_Your task:_ Please print each record that follows precisely as it appears.

_Dataset entries:_
/---
(* Let $f:\mathbb R\to(-\infty,\infty]$ be convex, finite for some $\theta>0$ and infinite for all $\theta<0$. Let $\Gamma=\Gamma(f^* )$, $\vartheta=\vartheta(f)$ and $\underline\psi=\inf\Phi_f$. Then $f^\natural\equiv-\infty$ and $\vartheta=-\infty$ when $\Gamma=-\infty$. Otherwise $\vartheta\ge0$ and $f^\natural(\theta)=f(\theta)$ for $0\le\theta<\vartheta$. When $0\le\vartheta<\infty$, $f^\natural(\theta)=\theta\Gamma<f(\theta)$ for $\theta>\vartheta$, and \[f^\natural(\vartheta)=\begin{cases} f(\vartheta)\ge\mathrm{cl}\,f(\vartheta)=\vartheta\Gamma & \text{when }\vartheta=\underline\psi,\\ \vartheta\Gamma=\mathrm{cl}\,f(\vartheta)\le f(\vartheta)&\text{when }\vartheta>\underline\psi.\end{cases}\] In all cases \[\Gamma=\inf_{\theta>0}\frac{f^\natural(\theta)}{\theta}=\inf_{\theta>0}\frac{f(\theta)}{\theta}.\] When $0\le\vartheta<\infty$, $\Gamma=f(\vartheta)/\vartheta$ provided $f$ is lower semicontinuous at $\vartheta$, and when $\vartheta=\infty$, $\Gamma=\lim_{\theta\uparrow\infty}f(\theta)/\theta$.
   Context: $\Phi_f=\{\theta:f(\theta)<\infty\}$. $f^*(x)=\sup_\theta\{\theta x-f(\theta)\}$; $\Gamma(g)=\inf\{a:g(a)>0\}$. $f^\natural$ is the maximal convex function with $f^\natural\le f$ and $f^\natural(\theta)/\theta$ decreasing in $\theta\in(0,\infty)$ (identically $-\infty$ if no function satisfies these constraints); $\vartheta(f)=\sup\{\theta:f(\theta)=f^\natural(\theta)\}$ (possibly $+\infty$, and $-\infty$ if the set is empty). $\mathrm{cl}\,f$ is the closure of $f$: the lower semicontinuous convex function obtained by adjusting the values of $f$ at the end-points of the interval $\Phi_f$ so as to make it lower semicontinuous. *)

theory Defs
  imports "HOL-Analysis.Analysis"
begin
\---
_The completed task:_
(* Let $f:\mathbb R\to(-\infty,\infty]$ be convex, finite for some $\theta>0$ and infinite for all $\theta<0$. Let $\Gamma=\Gamma(f^* )$, $\vartheta=\vartheta(f)$ and $\underline\psi=\inf\Phi_f$. Then $f^\natural\equiv-\infty$ and $\vartheta=-\infty$ when $\Gamma=-\infty$. Otherwise $\vartheta\ge0$ and $f^\natural(\theta)=f(\theta)$ for $0\le\theta<\vartheta$. When $0\le\vartheta<\infty$, $f^\natural(\theta)=\theta\Gamma<f(\theta)$ for $\theta>\vartheta$, and \[f^\natural(\vartheta)=\begin{cases} f(\vartheta)\ge\mathrm{cl}\,f(\vartheta)=\vartheta\Gamma & \text{when }\vartheta=\underline\psi,\\ \vartheta\Gamma=\mathrm{cl}\,f(\vartheta)\le f(\vartheta)&\text{when }\vartheta>\underline\psi.\end{cases}\] In all cases \[\Gamma=\inf_{\theta>0}\frac{f^\natural(\theta)}{\theta}=\inf_{\theta>0}\frac{f(\theta)}{\theta}.\] When $0\le\vartheta<\infty$, $\Gamma=f(\vartheta)/\vartheta$ provided $f$ is lower semicontinuous at $\vartheta$, and when $\vartheta=\infty$, $\Gamma=\lim_{\theta\uparrow\infty}f(\theta)/\theta$.
   Context: $\Phi_f=\{\theta:f(\theta)<\infty\}$. $f^*(x)=\sup_\theta\{\theta x-f(\theta)\}$; $\Gamma(g)=\inf\{a:g(a)>0\}$. $f^\natural$ is the maximal convex function with $f^\natural\le f$ and $f^\natural(\theta)/\theta$ decreasing in $\theta\in(0,\infty)$ (identically $-\infty$ if no function satisfies these constraints); $\vartheta(f)=\sup\{\theta:f(\theta)=f^\natural(\theta)\}$ (possibly $+\infty$, and $-\infty$ if the set is empty). $\mathrm{cl}\,f$ is the closure of $f$: the lower semicontinuous convex function obtained by adjusting the values of $f$ at the end-points of the interval $\Phi_f$ so as to make it lower semicontinuous. *)

theory Defs
  imports "HOL-Analysis.Analysis"
begin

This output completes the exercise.